The below is a writeup for an villainous NPC that I created for Legend of the Five Rings, a Crane samurai-ko who used the law of Kiri-sute Gonen to basically indulge her sociopathy; it was intended as a criticism of the law, which wasn't particularly detailed in the L5R corebooks. In the Wikipedia article I'm linking, it's pretty clear that striking down a commoner had a bunch of repercussions and, if abused, could easily lead to the forced seppuku of the samurai in question, but that's not information that I had at the time that I wrote the below. 

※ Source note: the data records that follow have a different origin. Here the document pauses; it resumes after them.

lemma swap_step_decrease:
  fixes f :: "real^'n \<Rightarrow> real" and G :: "real^'n \<Rightarrow> real^'n"
  assumes grad: "\<And>y. (f has_derivative (\<lambda>h. G y \<bullet> h)) (at y)"
    and bl: "block_lipschitz G m i L" and mi: "m \<noteq> i"
  shows "\<exists>u. f (y - (y $ m) *\<^sub>R axis m 1 + u *\<^sub>R axis i 1)
               \<le> f y - \<bar>y $ m\<bar> * (\<bar>G y $ i\<bar> - \<bar>G y $ m\<bar> - L * \<bar>y $ m\<bar>)"
proof
  define u where "u = (if G y $ i \<ge> 0 then - \<bar>y $ m\<bar> else \<bar>y $ m\<bar>)"
  have "f (y - (y $ m) *\<^sub>R axis m 1 + u *\<^sub>R axis i 1)
          \<le> f y - y $ m * G y $ m + u * G y $ i + L / 2 * ((y $ m)\<^sup>2 + u\<^sup>2)"
    using block_lipschitz_descent[OF grad bl mi, of y "- y $ m" u] by simp
  moreover have "u * G y $ i = - (\<bar>y $ m\<bar> * \<bar>G y $ i\<bar>)"
    by (auto simp: u_def)
  moreover have "L / 2 * ((y $ m)\<^sup>2 + u\<^sup>2) = L * \<bar>y $ m\<bar> * \<bar>y $ m\<bar>"
    by (simp add: u_def power2_eq_square)
  moreover have "- (y $ m * G y $ m) \<le> \<bar>y $ m\<bar> * \<bar>G y $ m\<bar>"
    by (metis abs_ge_minus_self abs_mult)
  ultimately show "f (y - (y $ m) *\<^sub>R axis m 1 + u *\<^sub>R axis i 1)
               \<le> f y - \<bar>y $ m\<bar> * (\<bar>G y $ i\<bar> - \<bar>G y $ m\<bar> - L * \<bar>y $ m\<bar>)"
    by (simp add: algebra_simps)
qed

lemma sorted_nth_eq_if_count_less_le:
  fixes xs :: "real list"
  assumes srt: "sorted xs" and i: "i < length xs"
    and less: "length (filter (\<lambda>y. y < c) xs) \<le> i"
    and le: "i < length (filter (\<lambda>y. y \<le> c) xs)"
  shows "xs ! i = c"
proof (rule linorder_cases[of "xs ! i" c])
  assume lt: "xs ! i < c"
  have "{0..i} \<subseteq> {j. j < length xs \<and> xs ! j < c}"
    using sorted_nth_mono[OF srt _ i] lt i by fastforce
  hence "card {0..i} \<le> card {j. j < length xs \<and> xs ! j < c}"
    by (intro card_mono) auto
  thus "xs ! i = c" using less by (simp add: length_filter_conv_card)
next
  assume gt: "c < xs ! i"
  have "{j. j < length xs \<and> xs ! j \<le> c} \<subseteq> {0..<i}"
    using sorted_nth_mono[OF srt] gt by (fastforce simp: not_less[symmetric])
  hence "card {j. j < length xs \<and> xs ! j \<le> c} \<le> card {0..<i}"
    by (intro card_mono) auto
  thus "xs ! i = c" using le by (simp add: length_filter_conv_card)
qed

lemma length_filter_sorted_abs_components:
  fixes x :: "real^'n"
  shows "length (filter P (sorted_list_of_multiset (image_mset (\<lambda>i. \<bar>x $ i\<bar>) (mset_set UNIV))))
       = card {i. P \<bar>x $ i\<bar>}"
proof -
  have "length (filter P (sorted_list_of_multiset (image_mset (\<lambda>i. \<bar>x $ i\<bar>) (mset_set UNIV))))
      = size (mset (filter P (sorted_list_of_multiset (image_mset (\<lambda>i. \<bar>x $ i\<bar>) (mset_set UNIV)))))"
    by (simp only: size_mset)
  also have "\<dots> = card {i. P \<bar>x $ i\<bar>}"
    by (simp add: filter_mset_image_mset)
  finally show ?thesis .
qed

So, then: Write the truth, or the legend? 

Daidoji Yomito

Yomito is an excellent samurai-ko. She's honorable, brave, fights well and comports herself in court, as befits a member of the Crane clan. She can be charming, subtle, belligerent or demure as the situation dictates. She's been marked as somebody that the Crane clan may call upon in the future to uphold the honor of the clan, a potential clan champion - she's even gone on a warrior's journey across Rokugan in order to develop her skills.

 

She's a sociopath. And a murderer. And she gets away with it because of Rokugan's social structure.

 

Yomito realized at an early age that the peasantry were not like her; she was samurai, and they were the peasantry, and the samurai ruled over the peasantry. When she split the head of a peasant child at the age of ten - not for any particular reason - the consequences were hushed up by her doting father. A little water cleansed the bokken, she was lightly scolded and that was all. Why should anything further befall her? Obviously she was provoked, and by a peasant.

 

After her gempekku, she lured an ox-driver into the woods and stabbed him in the stomach, then watched him die. When she was betrothed, she decapitated a peasant farmer - the father of two - and claimed that he'd stumbled into her. When her betrothed died from a snakebite near his bed (how sad for her!), she vented her fury on a pair of nightsoil collectors whose odor offended her. Nobody said anything. They were just peasants. When she slew a husband and wife whose porcelain tea sets were the pride of the Daidoji, on the pretext that they had been rude to her, it was agreed that it would be a good idea for her to go on a warrior's journey somewhere else. (And vent her fury on peasants who weren't nearly as valuable to the Crane.)

 

Yomito knows that the peasantry are considered a resource to the lords of the lands that she travels through, so her murders follow a nomadic pattern. Her typical operandum is to move into an area, engage in a few first-blood duels - just to establish her bonafides as a duellist - and then to settle in as just another ronin passing through the area. Then, drunk peasants start getting remarkbly clumsy around her. Who would doubt the word of a Crane duellist on a warrior's quest? Yomito is very good at professing innocence, and her high Honor and Status give her a lot of protection. Stoked on her seeming invincibility, she'll plan a spree murder, execute it, then move on before anybody can find her. 

 

Despite her intelligence, she's fully capable of making stupid mistakes that can incriminate her. If she kills a peasant on impulse, she'll use her katana, despite the fact that it identifies the murderer as a samurai, and a trained one at that. Even if she uses methods that don't identify her as a samurai, there are other clues - the force put into the blow of a wooden club, or the use of a piece of Crane-woven sash as a garrotte. She's already been identified as a sociopathic murderer by at least two Imperial magistrates, but one is dead (in a duel) and the other was recalled on an unrelated political matter and hasn't been able to find her again. 

 

How long she can continue her murders is up to the players.